- Episode no.: Season 5 Episode 15
- Directed by: Pamela Fryman
- Written by: Carter Bays; Craig Thomas;
- Production code: 5ALH15
- Original air date: February 8, 2010

Guest appearances
- Lauren Shiohama as Marissa; Arnold Chun as Waiter; Phil Simms as himself; Jim Nantz as himself; Bar Paly as Natalia;

Episode chronology
| ← Previous "Perfect Week" | Next → "Hooked" |
- How I Met Your Mother season 5

= Rabbit or Duck =

"Rabbit or Duck" is the 15th episode of the fifth season of the CBS sitcom How I Met Your Mother and 103rd episode overall. It originally aired on February 8, 2010. In a nod to CBS hosting that year's Super Bowl, the episode features NFL commentators Jim Nantz and Phil Simms in guest appearances as themselves.

==Plot==
Ted, Marshall, Lily, and Robin hang out at Ted's apartment to watch Super Bowl XLIV, where the camera catches Barney holding up a sign in the crowd asking women to call him. It pays off as his phone keeps ringing with women on the other end. He hires Ranjit as his personal driver. Robin also reveals that, while they were on the air, she accepted an offer from her colleague, Don (Ben Koldyke), to go on a Valentine's Day date. The gang debates whether Robin is attracted to Don using the duck-rabbit illusion. This leads to an intense fight among the group, with Marshall supporting rabbits as an object of desire, and Ted, Robin, Lily and Ranjit supporting ducks. Marshall eventually concedes the point.
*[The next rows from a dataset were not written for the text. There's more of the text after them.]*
text \<open>Comparing \<open>\<mu>\<^sub>t\<close> with \<open>\<delta>\<^bsub>x\<^sub>c\<^esub> \<otimes> \<nu>\<close> costs \<open>\<kappa>MD\<close> per unit of distance (by (A1) for \<open>\<partial>\<^sub>xF\<close>), and
  linearising \<open>F[\<delta>\<^bsub>x\<^sub>c\<^esub> \<otimes> \<nu>]\<close> at \<open>x\<^sub>c\<close> costs \<open>\<kappa>ID\<close>; the frequencies \<open>w, w'\<close> are compared with
  \<open>\<omega>\<^sub>c\<close> through an intermediate \<open>u \<in> \<Omega>\<close>.\<close>

lemma velocity_difference_bound_via:
  assumes t: "t \<in> {0..ts}" and y: "\<bar>y - xc t\<bar> \<le> D" and y': "\<bar>y' - xc t\<bar> \<le> D" and "u \<in> \<Omega>"
  shows "F (\<mu> t) y w - F (\<mu> t) y' w' - Fx F (mu_tilde t) (xc t) \<omega>c * (y - y')
    \<le> I * \<bar>w - u\<bar> + I * \<bar>w' - u\<bar> + 2 * (I * \<bar>u - \<omega>c\<bar>) + \<kappa> * (M + I) * D * \<bar>y - y'\<bar>"
proof -
  have "t \<ge> 0" using t by simp
  note m = P2nu_mu[OF \<open>t \<ge> 0\<close>] and m' = P2nu_mu_tilde[of t]
  define b where "b = Fx F (mu_tilde t) (xc t) \<omega>c"
  have w_route: "\<bar>F (\<mu> t) y w - F (\<mu> t) y u\<bar> \<le> I * \<bar>w - u\<bar>"
    and w'_route: "\<bar>F (\<mu> t) y' u - F (\<mu> t) y' w'\<bar> \<le> I * \<bar>w' - u\<bar>"
    using F_lipschitz_w[OF m, of y w u] F_lipschitz_w[OF m, of y' u w'] by (simp_all add: abs_minus_commute)
  have "((\<lambda>z. F (\<mu> t) z u - F (mu_tilde t) z u) has_real_derivative
      Fx F (\<mu> t) z u - Fx F (mu_tilde t) z u) (at z)" for z
    by (intro DERIV_diff F_derivatives(1)[OF m] F_derivatives(1)[OF m'])
  moreover have "\<bar>Fx F (\<mu> t) z u - Fx F (mu_tilde t) z u\<bar> \<le> \<kappa> * M * D" for z
    using D by (intro Fx_diff_le_W1[OF m m' W1_mu_mu_tilde[OF t] _ \<open>u \<in> \<Omega>\<close>]) simp
  ultimately have kernel_route: "\<bar>(F (\<mu> t) y u - F (mu_tilde t) y u) - (F (\<mu> t) y' u - F (mu_tilde t) y' u)\<bar>
      \<le> \<kappa> * M * D * \<bar>y - y'\<bar>"
    using field_differentiable_bound[of UNIV "\<lambda>z. F (\<mu> t) z u - F (mu_tilde t) z u"
        "\<lambda>z. Fx F (\<mu> t) z u - Fx F (mu_tilde t) z u" "\<kappa> * M * D" y y'] by simp
  have centre_route: "\<bar>(F (mu_tilde t) y u - F (mu_tilde t) y \<omega>c) - (F (mu_tilde t) y' u - F (mu_tilde t) y' \<omega>c)\<bar>
      \<le> 2 * (I * \<bar>u - \<omega>c\<bar>)"
    using F_lipschitz_w[OF m', of y u \<omega>c] F_lipschitz_w[OF m', of y' u \<omega>c] by linarith
  have linearisation:
      "\<bar>(F (mu_tilde t) y \<omega>c - b * y) - (F (mu_tilde t) y' \<omega>c - b * y')\<bar> \<le> \<kappa> * I * D * \<bar>y - y'\<bar>"
    unfolding b_def by (rule F_linearisation[OF m' y y'])
  show ?thesis
    using w_route w'_route kernel_route centre_route linearisation unfolding b_def
    by (simp add: algebra_simps abs_le_iff)
qed

lemma velocity_difference_bound:
  assumes t: "t \<in> {0..ts}" and xw: "(x, w) \<in> msupp (\<mu> 0)" and xw': "(x', w') \<in> msupp (\<mu> 0)"
  shows "F (\<mu> t) (X t x w) w - F (\<mu> t) (X t x' w') w'
      - Fx F (mu_tilde t) (xc t) \<omega>c * (X t x w - X t x' w') \<le> C1const \<kappa> M I \<gamma> D"
proof -
  have "w \<in> \<Omega>" "w' \<in> \<Omega>" using msupp_mu_snd[of 0] xw xw' by force+
  obtain u where u: "u = w \<or> u = w'" "\<bar>u - \<omega>c\<bar> \<le> \<bar>w - \<omega>c\<bar>" "\<bar>u - \<omega>c\<bar> \<le> \<bar>w' - \<omega>c\<bar>"
    by (cases "\<bar>w - \<omega>c\<bar> \<le> \<bar>w' - \<omega>c\<bar>") auto
  then have "u \<in> \<Omega>" using \<open>w \<in> \<Omega>\<close> \<open>w' \<in> \<Omega>\<close> by auto
  have "\<bar>w - u\<bar> + \<bar>w' - u\<bar> + 2 * \<bar>u - \<omega>c\<bar> \<le> 2 * \<gamma>"
    using Omega_diam[OF \<open>w \<in> \<Omega>\<close> \<open>w' \<in> \<Omega>\<close>] omega_c_close[OF \<open>w \<in> \<Omega>\<close>] omega_c_close[OF \<open>w' \<in> \<Omega>\<close>] u
    by (auto simp: abs_if split: if_splits)
  then have "I * (\<bar>w - u\<bar> + \<bar>w' - u\<bar> + 2 * \<bar>u - \<omega>c\<bar>) \<le> I * (2 * \<gamma>)"
    using pos by (intro mult_left_mono) auto
  then have "I * \<bar>w - u\<bar> + I * \<bar>w' - u\<bar> + 2 * (I * \<bar>u - \<omega>c\<bar>) \<le> 2 * I * \<gamma>"
    by (simp add: algebra_simps)
  moreover have "\<kappa> * (M + I) * D * \<bar>X t x w - X t x' w'\<bar> \<le> \<kappa> * (M + I) * D * D"
    using X_dist_le_D[OF xw xw' t] pos D by (intro mult_left_mono) auto
  ultimately show ?thesis
    using velocity_difference_bound_via[OF t X_close_xc[OF xw t] X_close_xc[OF xw' t] \<open>u \<in> \<Omega>\<close>, of w w']
    unfolding C1const_def by (simp add: power2_eq_square)
qed

lemma characteristic_gap_derivative:
  assumes s: "s \<in> {xc 0<..<xc ts}" and xw: "(x, w) \<in> msupp (\<mu> 0)" and xw': "(x', w') \<in> msupp (\<mu> 0)"
  defines "\<tau> \<equiv> the_inv_into {0..ts} xc"
  shows "\<exists>d. ((\<lambda>r. X (\<tau> r) x w - X (\<tau> r) x' w') has_real_derivative d) (at s)
    \<and> d \<le> Fx F (mu_tilde (\<tau> s)) (xc (\<tau> s)) \<omega>c / F (mu_tilde (\<tau> s)) (xc (\<tau> s)) \<omega>c
            * (X (\<tau> s) x w - X (\<tau> s) x' w') + C2const A \<kappa> M I \<gamma> D"
proof -
  define t where "t = \<tau> s"
  have t: "t \<in> {0<..<ts}" and "t \<in> {0..ts}" using inverse_xc(1)[OF s] unfolding t_def \<tau>_def by auto
  have X_deriv: "((\<lambda>t. X t y v) has_real_derivative F (\<mu> t) (X t y v) v) (at (\<tau> s))" for y v
    using flow[of t y v] t at_within_interior[of t "{0..}"] unfolding t_def by auto
  have "((\<lambda>r. X (\<tau> r) y v) has_real_derivative F (\<mu> t) (X t y v) v * inverse (mean_velocity t)) (at s)" for y v
    using DERIV_chain2[OF X_deriv inverse_xc(3)[OF s, folded \<tau>_def]] unfolding t_def by simp
  then have "((\<lambda>r. X (\<tau> r) x w - X (\<tau> r) x' w') has_real_derivative
      (F (\<mu> t) (X t x w) w - F (\<mu> t) (X t x' w') w') / mean_velocity t) (at s)"
    using DERIV_diff by (fastforce simp: divide_inverse left_diff_distrib)
  moreover have "(F (\<mu> t) (X t x w) w - F (\<mu> t) (X t x' w') w') / mean_velocity t
      \<le> Fx F (mu_tilde t) (xc t) \<omega>c / centre_velocity t * (X t x w - X t x' w')
        + (C1const \<kappa> M I \<gamma> D / A + (((\<kappa> + 1) * I + \<kappa> * M) * D + I * \<gamma>)
          * (\<kappa> * I * D + C1const \<kappa> M I \<gamma> D) / (A * (A - (((\<kappa> + 1) * I + \<kappa> * M) * D + I * \<gamma>))))"
    using \<open>t \<in> {0..ts}\<close> A4[of "xc t"] D pos gamma_nonneg
    by (intro quotient_perturbation_bound mean_velocity_pos mean_velocity_close velocity_difference_bound
        A2_x P2nu_mu_tilde X_dist_le_D xw xw')
       (auto simp: centre_velocity_def mu_tilde_def C1const_def)
  ultimately show ?thesis
    unfolding C2const_def centre_velocity_def t_def by (auto simp: algebra_simps)
qed

end

theorem lemma4p2:
  fixes \<nu> :: "real measure"
    and F :: "(real \<times> real) measure \<Rightarrow> real \<Rightarrow> real \<Rightarrow> real"
    and \<mu> :: "real \<Rightarrow> (real \<times> real) measure"
    and X :: "real \<Rightarrow> real \<Rightarrow> real \<Rightarrow> real"
    and A B I M \<kappa> D t\<^sub>s :: real
  defines "\<Omega> \<equiv> msupp \<nu>"
    and "\<gamma> \<equiv> diameter (msupp \<nu>)"
    and "\<omega>\<^sub>c \<equiv> integral\<^sup>L \<nu> (\<lambda>w. w)"
    and "x\<^sub>c \<equiv> (\<lambda>t. integral\<^sup>L (\<mu> t) fst)"
  assumes nu: "prob_space \<nu>" "sets \<nu> = sets borel" "integrable \<nu> (\<lambda>w. w\<^sup>2)" "bounded \<Omega>"
    and pos: "A > 0" "B > 0" "I > 0" "M > 0" "\<kappa> > 0"
    and A1_0: "\<And>\<mu>1 \<mu>2 x w. P2nu \<nu> \<mu>1 \<Longrightarrow> P2nu \<nu> \<mu>2 \<Longrightarrow> w \<in> \<Omega> \<Longrightarrow>
                 ennreal \<bar>F \<mu>1 x w - F \<mu>2 x w\<bar> \<le> ennreal (\<kappa> * M) * W1 \<mu>1 \<mu>2"
    and A1_1: "\<And>\<mu>1 \<mu>2 x w. P2nu \<nu> \<mu>1 \<Longrightarrow> P2nu \<nu> \<mu>2 \<Longrightarrow> w \<in> \<Omega> \<Longrightarrow>
                 ennreal \<bar>Fx F \<mu>1 x w - Fx F \<mu>2 x w\<bar> \<le> ennreal (\<kappa> * M) * W1 \<mu>1 \<mu>2"
    and A2_C2: "\<And>\<mu>1. P2nu \<nu> \<mu>1 \<Longrightarrow> C2_R2 (F \<mu>1)"
    and A2_x: "\<And>\<mu>1 x w. P2nu \<nu> \<mu>1 \<Longrightarrow> \<bar>Fx F \<mu>1 x w\<bar> \<le> \<kappa> * I"
    and A2_xx: "\<And>\<mu>1 x w. P2nu \<nu> \<mu>1 \<Longrightarrow> \<bar>Fxx F \<mu>1 x w\<bar> \<le> \<kappa> * I"
    and A2_w: "\<And>\<mu>1 x w. P2nu \<nu> \<mu>1 \<Longrightarrow> \<bar>Fw F \<mu>1 x w\<bar> \<le> I"
    and A3: "\<And>\<mu>1 x w. P2nu \<nu> \<mu>1 \<Longrightarrow>
               F (distr \<mu>1 borel (\<lambda>(y,v). (y + 2 * pi, v))) (x + 2 * pi) w = F \<mu>1 x w"
    and A4: "\<And>x. F (return borel x \<Otimes>\<^sub>M \<nu>) x \<omega>\<^sub>c \<ge> A"
    and A5: "integral {0..2 * pi}
               (\<lambda>x. Fx F (return borel x \<Otimes>\<^sub>M \<nu>) x \<omega>\<^sub>c / F (return borel x \<Otimes>\<^sub>M \<nu>) x \<omega>\<^sub>c)
             \<le> - \<kappa> * B"
    and D: "D > 0" "A - ((\<kappa> + 1) * I + \<kappa> * M) * D - I * \<gamma> > 0"
    and sol: "mv_solution \<nu> F \<mu>"
    and ts: "t\<^sub>s > 0"
    and diam: "\<And>t p q. t \<in> {0..t\<^sub>s} \<Longrightarrow> p \<in> msupp (\<mu> t) \<Longrightarrow> q \<in> msupp (\<mu> t) \<Longrightarrow>
                 \<bar>fst p - fst q\<bar> \<le> D"
    and flow: "\<And>t x w. t \<ge> 0 \<Longrightarrow>
                 ((\<lambda>t. X t x w) has_real_derivative F (\<mu> t) (X t x w) w) (at t within {0..})"
    and flow0: "\<And>x w. X 0 x w = x"
  shows "\<forall>s \<in> {x\<^sub>c 0 <..< x\<^sub>c t\<^sub>s}. \<forall>(x, w) \<in> msupp (\<mu> 0). \<forall>(x', w') \<in> msupp (\<mu> 0).
           (let \<tau> = the_inv_into {0..t\<^sub>s} x\<^sub>c; t = \<tau> s;
                \<mu>t = return borel (x\<^sub>c t) \<Otimes>\<^sub>M \<nu> in
            \<exists>d. ((\<lambda>r. X (\<tau> r) x w - X (\<tau> r) x' w') has_real_derivative d) (at s)
              \<and> d \<le> Fx F \<mu>t (x\<^sub>c t) \<omega>\<^sub>c / F \<mu>t (x\<^sub>c t) \<omega>\<^sub>c * (X t x w - X t x' w')
                     + C2const A \<kappa> M I \<gamma> D)"
proof -
  interpret mv_flow \<nu> F \<mu> X A I M \<kappa> D t\<^sub>s \<Omega> \<gamma> \<omega>\<^sub>c x\<^sub>c
    by (rule mv_flow.intro) (fact assms(1-4)[THEN meta_eq_to_obj_eq] assms)+
  show ?thesis
    unfolding Let_def using characteristic_gap_derivative[unfolded mu_tilde_def] by blast
qed

end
Given the success of Ranjit's arranged marriage, Ted decides to let Marshall and Lily pick his Valentine's Day date, claiming that he will marry the date if he likes her. Ted joins Robin at Don's apartment, as Don said there would be a party. Ted leaves when he sees Don on the couch naked, attempting The Naked Man. Robin confronts Don and he admits he is interested in her but didn't know how to say. However, she sees him with a large pair of rabbit ears.
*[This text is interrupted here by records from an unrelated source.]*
(* Let $C\in\mathbb{R}^{n\times n}$ be symmetric and let $(Z,k)$ be an optimal solution of $$\max_{Z,k}\ \langle C,Z\rangle-\tfrac12k^Tk\quad\text{s.t. } Z_{ii}=k_i\ (i=1,\dots,n),\ Z\succeq0.$$ Define $w\in\mathbb{R}^n$ by $w_i=Z_{ii}$. Then $w$ is an optimal solution of $$\min_{w\in\mathbb{R}^n}\ \tfrac12w^Tw\quad\text{s.t. } \operatorname{Diag}(w)\succeq C.$$
   Context: $\operatorname{Diag}(w)$ is the diagonal matrix with diagonal $w$; $\langle C,Z\rangle=\operatorname{tr}(CZ)$. *)

theory Defs
  imports "HOL-Analysis.Analysis"
begin

definition symmetric_mat :: "real^'n^'n \<Rightarrow> bool" where
  "symmetric_mat A \<longleftrightarrow> transpose A = A"

definition psd :: "real^'n^'n \<Rightarrow> bool" where
  "psd A \<longleftrightarrow> symmetric_mat A \<and> (\<forall>x. x \<bullet> (A *v x) \<ge> 0)"

definition Diag :: "real^'n \<Rightarrow> real^'n^'n" where
  "Diag w = (\<chi> i j. if i = j then w $ i else 0)"

definition trace_ip :: "real^'n^'n \<Rightarrow> real^'n^'n \<Rightarrow> real" where
  "trace_ip C Z = trace (C ** Z)"

definition primal_feasible :: "real^'n^'n \<Rightarrow> real^'n \<Rightarrow> bool" where
  "primal_feasible Z k \<longleftrightarrow> (\<forall>i. Z $ i $ i = k $ i) \<and> psd Z"

definition primal_obj :: "real^'n^'n \<Rightarrow> real^'n^'n \<Rightarrow> real^'n \<Rightarrow> real" where
  "primal_obj C Z k = trace_ip C Z - (1/2) * (k \<bullet> k)"

definition primal_optimal :: "real^'n^'n \<Rightarrow> real^'n^'n \<Rightarrow> real^'n \<Rightarrow> bool" where
  "primal_optimal C Z k \<longleftrightarrow> primal_feasible Z k \<and>
     (\<forall>Z' k'. primal_feasible Z' k' \<longrightarrow> primal_obj C Z' k' \<le> primal_obj C Z k)"

definition dual_feasible :: "real^'n^'n \<Rightarrow> real^'n \<Rightarrow> bool" where
  "dual_feasible C w \<longleftrightarrow> psd (Diag w - C)"

definition dual_optimal :: "real^'n^'n \<Rightarrow> real^'n \<Rightarrow> bool" where
  "dual_optimal C w \<longleftrightarrow> dual_feasible C w \<and>
     (\<forall>w'. dual_feasible C w' \<longrightarrow> (1/2) * (w \<bullet> w) \<le> (1/2) * (w' \<bullet> w'))"

end

theory Submission
  imports Defs
begin

text \<open>The primal objective is concave, so optimality of \<open>(Z, k)\<close> gives a first-order condition
  along every feasible direction. Adding \<open>t x x\<^sup>T\<close> to \<open>Z\<close> (and \<open>t x\<^sub>i\<^sup>2\<close> to \<open>k\<^sub>i\<close>) yields
  \<open>x\<^sup>T C x \<le> \<Sum>\<^sub>i k\<^sub>i x\<^sub>i\<^sup>2\<close>, i.e. \<open>Diag k \<succeq> C\<close>; shrinking \<open>(Z, k)\<close> towards \<open>0\<close> yields
  \<open>k\<^sup>T k \<le> \<langle>C, Z\<rangle>\<close>. Since \<open>tr (A B) \<ge> 0\<close> for positive semidefinite \<open>A, B\<close>, every dual
  feasible \<open>w\<close> satisfies \<open>\<langle>C, Z\<rangle> \<le> w\<^sup>T k\<close>, hence \<open>k\<^sup>T k \<le> w\<^sup>T k\<close> and so \<open>|k| \<le> |w|\<close>.\<close>

lemma quadratic_nonneg_imp_discriminant_nonpos:
  fixes a b c :: real
  assumes nonneg: "\<And>t. 0 \<le> a + 2 * t * b + t^2 * c" and "0 \<le> c"
  shows "b^2 \<le> a * c"
proof (cases "c = 0")
  case True
  have "b = 0"
  proof (rule ccontr)
    assume "b \<noteq> 0"
    then have "a + 2 * (-(a + 1) / (2 * b)) * b = -1" by (simp add: field_simps)
    then show False using nonneg[of "-(a + 1) / (2 * b)"] True by simp
  qed
  with True show ?thesis by simp
next
  case False
  with \<open>0 \<le> c\<close> have "0 < c" by simp
  have "a + 2 * (-b/c) * b + (-b/c)^2 * c = a - b^2 / c"
    using \<open>0 < c\<close> by (simp add: field_simps power2_eq_square)
  with nonneg[of "-b/c"] have "b^2 / c \<le> a" by simp
  with \<open>0 < c\<close> show ?thesis by (simp add: field_simps)
qed

lemma nonpos_if_le_quadratic_near_0:
  fixes c d e :: real
  assumes "0 < e" and le: "\<And>t. 0 < t \<Longrightarrow> t \<le> e \<Longrightarrow> t * c \<le> t^2 * d"
  shows "c \<le> 0"
proof (rule ccontr)
  assume "\<not> c \<le> 0"
  define t where "t = min e (c / (2 * (\<bar>d\<bar> + 1)))"
  have "0 < t" using \<open>0 < e\<close> \<open>\<not> c \<le> 0\<close> by (simp add: t_def)
  have "c \<le> t * d" using le[of t] \<open>0 < t\<close> by (simp add: t_def power2_eq_square)
  also have "\<dots> \<le> t * (\<bar>d\<bar> + 1)" using \<open>0 < t\<close> by simp
  also have "\<dots> \<le> c / 2"
  proof -
    have "t \<le> c / (2 * (\<bar>d\<bar> + 1))" by (simp add: t_def)
    then show ?thesis by (simp add: field_simps)
  qed
  finally show False using \<open>\<not> c \<le> 0\<close> by simp
qed

definition outer_prod :: "real^'n \<Rightarrow> real^'m \<Rightarrow> real^'m^'n" where
  "outer_prod x y = (\<chi> i j. x$i * y$j)"

lemma inner_matrix_vector_eq_sum:
  fixes A :: "real^'m^'n"
  shows "x \<bullet> (A *v y) = (\<Sum>i\<in>UNIV. \<Sum>j\<in>UNIV. x$i * A$i$j * y$j)"
  by (simp add: inner_vec_def matrix_vector_mult_def sum_distrib_left mult.assoc)

lemma trace_matrix_mult_eq_sum:
  fixes A :: "real^'m^'n" and B :: "real^'n^'m"
  shows "trace (A ** B) = (\<Sum>i\<in>UNIV. \<Sum>j\<in>UNIV. A$i$j * B$j$i)"
  by (simp add: trace_def matrix_matrix_mult_def)

lemma trace_mult_add_scaleR:
  fixes A B D :: "real^'n^'n"
  shows "trace (A ** (B + t *\<^sub>R D)) = trace (A ** B) + t * trace (A ** D)"
  by (simp add: trace_matrix_mult_eq_sum algebra_simps sum.distrib sum_distrib_left)

lemma trace_diff_mult:
  fixes A B D :: "real^'n^'n"
  shows "trace ((A - B) ** D) = trace (A ** D) - trace (B ** D)"
  by (simp add: trace_matrix_mult_eq_sum algebra_simps sum_subtractf)

lemma trace_ip_add_scaleR: "trace_ip C (Z + t *\<^sub>R M) = trace_ip C Z + t * trace_ip C M"
  by (simp add: trace_ip_def trace_mult_add_scaleR)

lemma trace_mult_outer_prod:
  fixes A :: "real^'n^'n"
  shows "trace (A ** outer_prod x y) = y \<bullet> (A *v x)"
  by (simp add: trace_matrix_mult_eq_sum inner_matrix_vector_eq_sum outer_prod_def mult_ac)

lemma trace_Diag_mult: "trace (Diag w ** Z) = w \<bullet> (\<chi> i. Z$i$i)"
proof -
  have "(\<Sum>j\<in>UNIV. Diag w $ i $ j * Z $ j $ i) = w$i * Z$i$i" for i
    by (simp add: Diag_def if_distrib[of "\<lambda>a. a * _"] cong: if_cong)
  then show ?thesis by (simp add: trace_matrix_mult_eq_sum inner_vec_def)
qed

lemma inner_outer_prod_mult: "z \<bullet> (outer_prod x y *v z) = (x \<bullet> z) * (y \<bullet> z)"
  unfolding inner_matrix_vector_eq_sum by (simp add: outer_prod_def inner_vec_def sum_product mult_ac)

lemma inner_axis_matrix_axis: "axis i 1 \<bullet> (A *v axis j 1) = A$i$j"
  by (simp add: inner_axis' matrix_vector_mult_basis column_def)

lemma symmetric_mat_iff: "symmetric_mat A \<longleftrightarrow> (\<forall>i j. A$i$j = A$j$i)"
  unfolding symmetric_mat_def transpose_def vec_eq_iff by auto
Meanwhile, Barney has problems with his pickup phone. When he is about to bed one woman, another calls. This causes him to ditch the woman and have Ranjit drive him back to MacLaren's on three separate occasions. On the fourth incident, involving a woman named Natalia, Barney throws the phone in the dumpster so he can concentrate on her, but he continues to hear the phone ringing in the distance (in the manner of Poe's The Tell-Tale Heart) and goes to retrieve it. Marshall and Lily hide the phone, and later Ted finds it and answers.

Marshall and Lily, having forgotten to find Ted a date, frantically proposition various women in the bar. They ultimately settle on a "phone girl" after acquiring Barney's phone. Ted goes on the double date with Marshall and Lily, who have fixed him up with Natalia (Bar Paly). Despite their compatibility, Ted continues to answer the phone, which results in another encounter at MacLaren's. Barney tries to take the phone from Ted, but Ted passes it to Marshall and Lily, who drops the phone in a pitcher of beer.

While Robin prepares for her show, Don apologizes for his behavior and praises her anchor skills. He also tries to improve his work ethic by bringing Robin coffee. She later imagines a duck bill on his face.

==Critical response==
Donna Bowman of The A.V. Club rated the episode with a grade A, while Cindy McLennan of Television Without Pity gave it a C+.

Brian Zoromski of IGN gave the episode 9 out of 10.

TV Fanatic gave the episode 4 out of 5 stars, praising the dialogue, while Time praised Neil Patrick Harris's acting.

Alan Sepinwall and The Star-Ledger described it as "a bizarre but ultimately funny episode of HIMYM."